Title: Problem Shaping for Mathematical Models of Scheduling Problems
Summary: Many organisations have complex scheduling problems that they model as generalised set partitioning models and then solve using integer programming optimisation techniques. These problems arise, for instance, in the airline operations, rostering of medical personnel, forestry management, or collection and processing of goods (such as milk) and many other contexts.

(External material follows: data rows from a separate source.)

lemma ode_solution_picard_lim:
  assumes a: "lower_barrier a x0"
  shows "ode_solution F (picard_lim a x0)"
  unfolding ode_solution_def
proof (intro allI impI)
  fix t :: real assume t: "0 \<le> t"
  have "at t within {0..t + 1} = at t within {0..}"
    by (rule at_within_nhd[where S="{..<t + 1}"]) auto
  moreover have "(picard_lim a x0 has_vector_derivative F (picard_lim a x0 t)) (at t within {0..t + 1})"
  proof (rule has_vector_derivative_vec_lambda)
    fix i
    define h where "h r = exp (shift * r) * G (picard_lim a x0 r) $ i" for r
    have eq: "picard_lim a x0 u $ i = exp (- shift * u) * (x0 $ i + integral {0..u} h)" if "u \<in> {0..t + 1}" for u
      using picard_lim_fixed(1)[OF a, of u i] that unfolding picard_def h_def by simp
    have "((\<lambda>u. integral {0..u} h) has_real_derivative h t) (at t within {0..t + 1})"
      unfolding has_real_derivative_iff_has_vector_derivative h_def
      by (rule integral_has_vector_derivative[OF continuous_on_picard_integrand[OF continuous_on_picard_lim[OF a]]])
        (use t in auto)
    then have "((\<lambda>u. exp (- shift * u) * (x0 $ i + integral {0..u} h)) has_real_derivative
        (- shift * exp (- shift * t) * (x0 $ i + integral {0..t} h) + exp (- shift * t) * h t)) (at t within {0..t + 1})"
      by (auto intro!: derivative_eq_intros)
    moreover have "- shift * exp (- shift * t) * (x0 $ i + integral {0..t} h) + exp (- shift * t) * h t
        = F (picard_lim a x0 t) $ i"
      using eq[of t] t by (simp add: h_def G_def mult.assoc[symmetric] exp_add[symmetric])
    ultimately show "((\<lambda>u. picard_lim a x0 u $ i) has_real_derivative F (picard_lim a x0 t) $ i) (at t within {0..t + 1})"
      using eq t by (auto intro: has_field_derivative_transform_within[where d=1])
  qed
  ultimately show "(picard_lim a x0 has_vector_derivative F (picard_lim a x0 t)) (at t within {0..})"
    by simp
qed

lemma picard_lim_0: "lower_barrier a x0 \<Longrightarrow> picard_lim a x0 0 = x0"
  using picard_lim_fixed(1)[of a x0 0] by (simp add: picard_0 vec_eq_iff)

section \<open>The order-preserving flow and the maximal equilibrium\<close>

definition flow :: "real^'n \<Rightarrow> real \<Rightarrow> real^'n" where
  "flow x0 = picard_lim 0 x0"

lemma ode_solution_flow: "x0 \<in> unit_cube \<Longrightarrow> ode_solution F (flow x0)"
  unfolding flow_def by (intro ode_solution_picard_lim lower_barrier_0)

lemma flow_0: "x0 \<in> unit_cube \<Longrightarrow> flow x0 0 = x0"
  unfolding flow_def by (intro picard_lim_0 lower_barrier_0)

lemma flow_in_unit_cube: "x0 \<in> unit_cube \<Longrightarrow> 0 \<le> t \<Longrightarrow> flow x0 t \<in> unit_cube"
  unfolding flow_def using picard_lim_in_unit_cube lower_barrier_0 by blast

lemma ode_solution_eq_flow:
  "ode_solution F x \<Longrightarrow> x 0 \<in> unit_cube \<Longrightarrow> 0 \<le> t \<Longrightarrow> x t = flow (x 0) t"
  by (rule ode_solution_unique[OF ex_lipschitz_on_cball_F _ ode_solution_flow]) (auto simp: flow_0)

lemma flow_equilibrium: "e \<in> unit_cube \<Longrightarrow> F e = 0 \<Longrightarrow> 0 \<le> t \<Longrightarrow> flow e t = e"
  using ode_solution_eq_flow[OF ode_solution_const] by fastforce

lemma flow_add: "x0 \<in> unit_cube \<Longrightarrow> 0 \<le> h \<Longrightarrow> 0 \<le> t \<Longrightarrow> flow x0 (t + h) = flow (flow x0 h) t"
  using ode_solution_eq_flow[OF ode_solution_shift[OF ode_solution_flow]] flow_in_unit_cube by simp

lemma flow_ge_lower_barrier:
  assumes a: "lower_barrier a x0" and t: "0 \<le> t"
  shows "a \<le> flow x0 t"
proof -
  have x0: "x0 \<in> unit_cube" using a by (simp add: lower_barrier_def)
  have "picard_lim a x0 t = flow x0 t"
    using ode_solution_eq_flow[OF ode_solution_picard_lim[OF a]] picard_lim_0[OF a] x0 t by simp
  then show ?thesis using picard_lim_in_unit_cube[OF a t] by simp
qed

lemma flow_mono:
  assumes le: "x0 \<le> y0" and x0: "x0 \<in> unit_cube" and y0: "y0 \<in> unit_cube" and t: "0 \<le> t"
  shows "flow x0 t \<le> flow y0 t"
proof -
  have bx0: "lower_barrier 0 x0" and by0: "lower_barrier 0 y0" using lower_barrier_0 x0 y0 by auto
  have iter: "picard_iter 0 x0 k r \<le> picard_iter 0 y0 k r" if "0 \<le> r" for k r
    using that
  proof (induction k arbitrary: r)
    case (Suc k)
    have "picard x0 (picard_iter 0 x0 k) r \<le> picard y0 (picard_iter 0 y0 k) r"
      by (rule picard_mono[OF le continuous_on_picard_iter continuous_on_picard_iter])
        (use picard_iter_in_unit_cube[OF bx0] picard_iter_in_unit_cube[OF by0] Suc.IH in auto)
    then show ?case by simp
  qed simp
  show ?thesis unfolding flow_def less_eq_vec_def
  proof
    fix i
    show "picard_lim 0 x0 t $ i \<le> picard_lim 0 y0 t $ i"
      by (rule LIMSEQ_le[OF picard_iter_tendsto[OF bx0 t] picard_iter_tendsto[OF by0 t]])
        (use iter[OF t] in \<open>auto simp: less_eq_vec_def simp del: picard_iter.simps\<close>)
  qed
qed
(* Let $(M_1,f_1,g_1)$ and $(M_2,f_2,g_2)$ be $(m,n)$-hypermodules over a commutative Krasner $(m,n)$-hyperring $(R,f',g')$ with scalar identity $1$, let $Q_1$ and $Q_2$ be $n$-ary weakly classical prime subhypermodules of $M_1$ and $M_2$ respectively, and let $h:M_1\to M_2$ be a homomorphism. Then: (1) if $h$ is an epimorphism and $\mathrm{Ker}(h)\subseteq Q_1$, then $h(Q_1)$ is an $n$-ary weakly classical prime subhypermodule of $M_2$; (2) if $h$ is a monomorphism with $h^{-1}(Q_2)\neq M_1$, then $h^{-1}(Q_2)$ is an $n$-ary weakly classical prime subhypermodule of $M_1$.
   Context: A commutative Krasner $(m,n)$-hyperring with scalar identity $1$ is a triple $(R,f',g')$ where $(R,f')$ is a canonical $m$-ary hypergroup with zero $0$, $(R,g')$ is a commutative $n$-ary semigroup, $g'$ is distributive over $f'$, $0$ is a zero element for $g'$, and $g'(x,1^{(n-1)})=x$. Notation: $x_i^j$ denotes $x_i,\dots,x_j$ and $x^{(k)}$ denotes $x$ repeated $k$ times. An $(m,n)$-hypermodule over $R$ is a triple $(M,f,g)$ with $(M,f)$ a canonical $m$-ary hypergroup with zero $0$ and $g:R^{n-1}\times M\to P^*(M)$ satisfying: $g(r_1^{n-1},f(x_1^m))=f(g(r_1^{n-1},x_1),\dots,g(r_1^{n-1},x_m))$; $g(r_1^{i-1},f'(s_1^m),r_{i+1}^{n-1},x)=f(g(r_1^{i-1},s_1,r_{i+1}^{n-1},x),\dots,g(r_1^{i-1},s_m,r_{i+1}^{n-1},x))$; $g(r_1^{i-1},g'(r_i^{i+n-1}),r_{i+n}^{2n-2},x)=g(r_1^{n-1},g(r_n^{2n-2},x))$; $g(r_1^{i-1},0,r_{i+1}^{n-1},x)=\{0\}$; moreover $g(1^{(n-1)},a)=\{a\}$. A subhypermodule is a nonempty subset $N$ with $(N,f)$ an $m$-ary subhypergroup and $g(R^{(n-1)},N)\subseteq N$. A proper subhypermodule $Q$ of $M$ is $n$-ary weakly classical prime if for $r_1^{n-1}\in R$, $a\in M$, $0\notin g(r_1^{n-1},a)\subseteq Q$ implies $g(r_i,1^{(n-2)},a)\subseteq Q$ for some $1\le i\le n-1$. A homomorphism $h:M_1\to M_2$ is a map with $h(f_1(a_1^m))=f_2(h(a_1),\dots,h(a_m))$ and $h(g_1(r_1^{n-1},a))=g_2(r_1^{n-1},h(a))$ for all $a_1^m,a\in M_1$, $r_1^{n-1}\in R$; $\mathrm{Ker}(h)=\{a\in M_1:h(a)=0\}$; epimorphism means surjective, monomorphism injective. *)

theory Defs
  imports Main "HOL-Library.Multiset"
begin
(* Let $\mathcal M=\{M^{(\lambda)}:\lambda\in\mathbb R_{>0}\}$ be a quasianalytic weight matrix. Then there exists a quasianalytic weight sequence $L$ such that $M^{(\lambda)}\vartriangleleft L$ for all $\lambda\in\mathbb R_{>0}$; in particular $\mathcal E_{\{\mathcal M\}}(U)\subseteq\mathcal E_{(L)}(U)$ for every non-empty open $U\subseteq\mathbb R^r$.
   Context: For a sequence $M=(M_p)_{p\in\mathbb N}$ of positive reals write $m_p:=M_p/p!$. $M$ is a weight sequence if $1=M_0\le M_1$, $M_p^2\le M_{p-1}M_{p+1}$ for all $p\ge1$, and $\liminf_{p\to\infty}m_p^{1/p}>0$; it is quasianalytic if $\sum_{p\ge1}M_{p-1}/M_p=+\infty$. A weight matrix is a family $\mathcal M=\{M^{(\lambda)}:\lambda\in\mathbb R_{>0}\}$ of weight sequences with $M^{(\lambda)}_p\le M^{(\kappa)}_p$ for all $p$ whenever $\lambda\le\kappa$; it is quasianalytic if every $M^{(\lambda)}$ is quasianalytic. For sequences $M,N$: $M\vartriangleleft N$ means $\lim_{p\to\infty}(M_p/N_p)^{1/p}=0$. For $U\subseteq\mathbb R^r$ open, $K\subseteq U$ compact, $h>0$: $\|f\|^M_{K,h}:=\sup_{\alpha\in\mathbb N^r,x\in K}|\partial^\alpha f(x)|/(h^{|\alpha|}M_{|\alpha|})$. $\mathcal E_{(L)}(U)$ consists of smooth $f$ with $\|f\|^L_{K,h}<\infty$ for all compact $K\subseteq U$ and all $h>0$. $\mathcal E_{\{\mathcal M\}}(U)$ consists of smooth $f$ such that for every compact $K\subseteq U$ there exist $\lambda>0$ and $h>0$ with $\|f\|^{M^{(\lambda)}}_{K,h}<\infty$. *)

theory Defs
  imports "HOL-Analysis.Analysis"
begin
(* Let $J,K,L\ge 1$ be integers (with $K=0$ or $L=0$ also allowed, in which case the corresponding sums are absent), let $p,q,n_1,\dots,n_J$ be positive integers, $n=\sum_{j=1}^J n_j$, and let $\mathbf X_\cdot=[\mathbf X_1,\dots,\mathbf X_J]\in\mathbb R^{p\times n}$ and $\mathbf Y_\cdot=[\mathbf Y_1,\dots,\mathbf Y_J]\in\mathbb R^{q\times n}$ with $\mathbf X_j\in\mathbb R^{p\times n_j}$, $\mathbf Y_j\in\mathbb R^{q\times n_j}$. Let $\mathbf C_Y\in\{0,1\}^{J\times K}$ and $\mathbf C_S\in\{0,1\}^{J\times L}$, and for $k=1,\dots,K$ let $\mathbf Y_\cdot^{(k)}=[\mathbf Y_1^{(k)},\dots,\mathbf Y_J^{(k)}]$ where $\mathbf Y_j^{(k)}=\mathbf Y_j$ if $\mathbf C_Y[j,k]=1$ and $\mathbf Y_j^{(k)}=\mathbf 0_{q\times n_j}$ otherwise. For $l=1,\dots,L$ let $\mathcal S_l$ be the set of matrices $\mathbf S=[\mathbf S_1,\dots,\mathbf S_J]\in\mathbb R^{p\times n}$ (blocks $\mathbf S_j\in\mathbb R^{p\times n_j}$) with $\mathbf S_j=\mathbf 0$ whenever $\mathbf C_S[j,l]=0$. Let $\lambda_B^{(k)}>0$ and $\lambda_S^{(l)}>0$. Consider $$F(\{\mathbf B_k\},\{\mathbf S^{(l)}\})=\tfrac12\Big\|\mathbf X_\cdot-\sum_{k=1}^K\mathbf B_k\mathbf Y_\cdot^{(k)}-\sum_{l=1}^L\mathbf S^{(l)}\Big\|_F^2+\sum_{k=1}^K\lambda_B^{(k)}\|\mathbf B_k\|_*+\sum_{l=1}^L\lambda_S^{(l)}\|\mathbf S^{(l)}\|_*,$$ minimized over $\mathbf B_k\in\mathbb R^{p\times q}$ and $\mathbf S^{(l)}\in\mathcal S_l$, and, for integers $r_B\ge\min(p,q)$ and $r_S\ge\min(p,n)$, $$G=\tfrac12\Big\{\Big\|\mathbf X_\cdot-\sum_{k=1}^K\mathbf U_B^{(k)}\mathbf V_B^{(k)T}\mathbf Y_\cdot^{(k)}-\sum_{l=1}^L\mathbf U_S^{(l)}\mathbf V_S^{(l)T}\Big\|_F^2+\sum_{k=1}^K\lambda_B^{(k)}\big(\|\mathbf U_B^{(k)}\|_F^2+\|\mathbf V_B^{(k)}\|_F^2\big)+\sum_{l=1}^L\lambda_S^{(l)}\big(\|\mathbf U_S^{(l)}\|_F^2+\|\mathbf V_S^{(l)}\|_F^2\big)\Big\},$$ minimized over $\mathbf U_B^{(k)}\in\mathbb R^{p\times r_B}$, $\mathbf V_B^{(k)}\in\mathbb R^{q\times r_B}$, $\mathbf U_S^{(l)}\in\mathbb R^{p\times r_S}$, $\mathbf V_S^{(l)}\in\mathbb R^{n\times r_S}$ such that $\mathbf U_S^{(l)}\mathbf V_S^{(l)T}\in\mathcal S_l$. Then the two problems have the same minimal value, and the solutions coincide: $(\{\mathbf B_k\},\{\mathbf S^{(l)}\})$ minimizes $F$ if and only if there is a minimizer of $G$ with $\mathbf B_k=\mathbf U_B^{(k)}\mathbf V_B^{(k)T}$ for all $k$ and $\mathbf S^{(l)}=\mathbf U_S^{(l)}\mathbf V_S^{(l)T}$ for all $l$.
   Context: $\|\cdot\|_*$ denotes the nuclear norm (sum of singular values) and $\|\cdot\|_F$ the Frobenius norm. The matrices $\mathbf C_Y,\mathbf C_S$ are fixed binary indicator matrices specifying on which cohorts each covariate-driven module $\mathbf B_k\mathbf Y_\cdot^{(k)}$ and each auxiliary module $\mathbf S^{(l)}$ is present. *)

theory Defs
  imports Complex_Main "Jordan_Normal_Form.Matrix"
begin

This doctoral research project will consider scheduling problems and other similarly complex problems. These problems have mathematical formulations with a special structure (generalised set partitioning models). Due to their prohibitively large size, the problems are commonly solved using decomposition algorithms. Decomposition approaches initially solve a simplified optimisation problem, and then repeatedly augment this problem with new schedules (e.g. sequences of work tasks) that improve the solution. Our recent observations hint at the impact of the augmentation approach itself, where, by carefully shaping the formulation, we can create favourable model properties that speed up the solution process. This allows us to obtain high quality solutions faster. We will systematically propose and analyse problem shaping approaches to develop a theoretical understanding of this new approach thereby addressing the following three research aims:
- Identify properties of different mathematical representations of generalised set partitioning problems and their connection to solution fractionality of the linear programming formulation.
- Propose novel problem shaping approaches and integrate them in decomposition algorithms for scheduling problems.
- Conduct a systematic analysis of our current and proposed problem shaping approaches to develop an understanding of their operation and maximise the impact they make when solving challenging scheduling problems.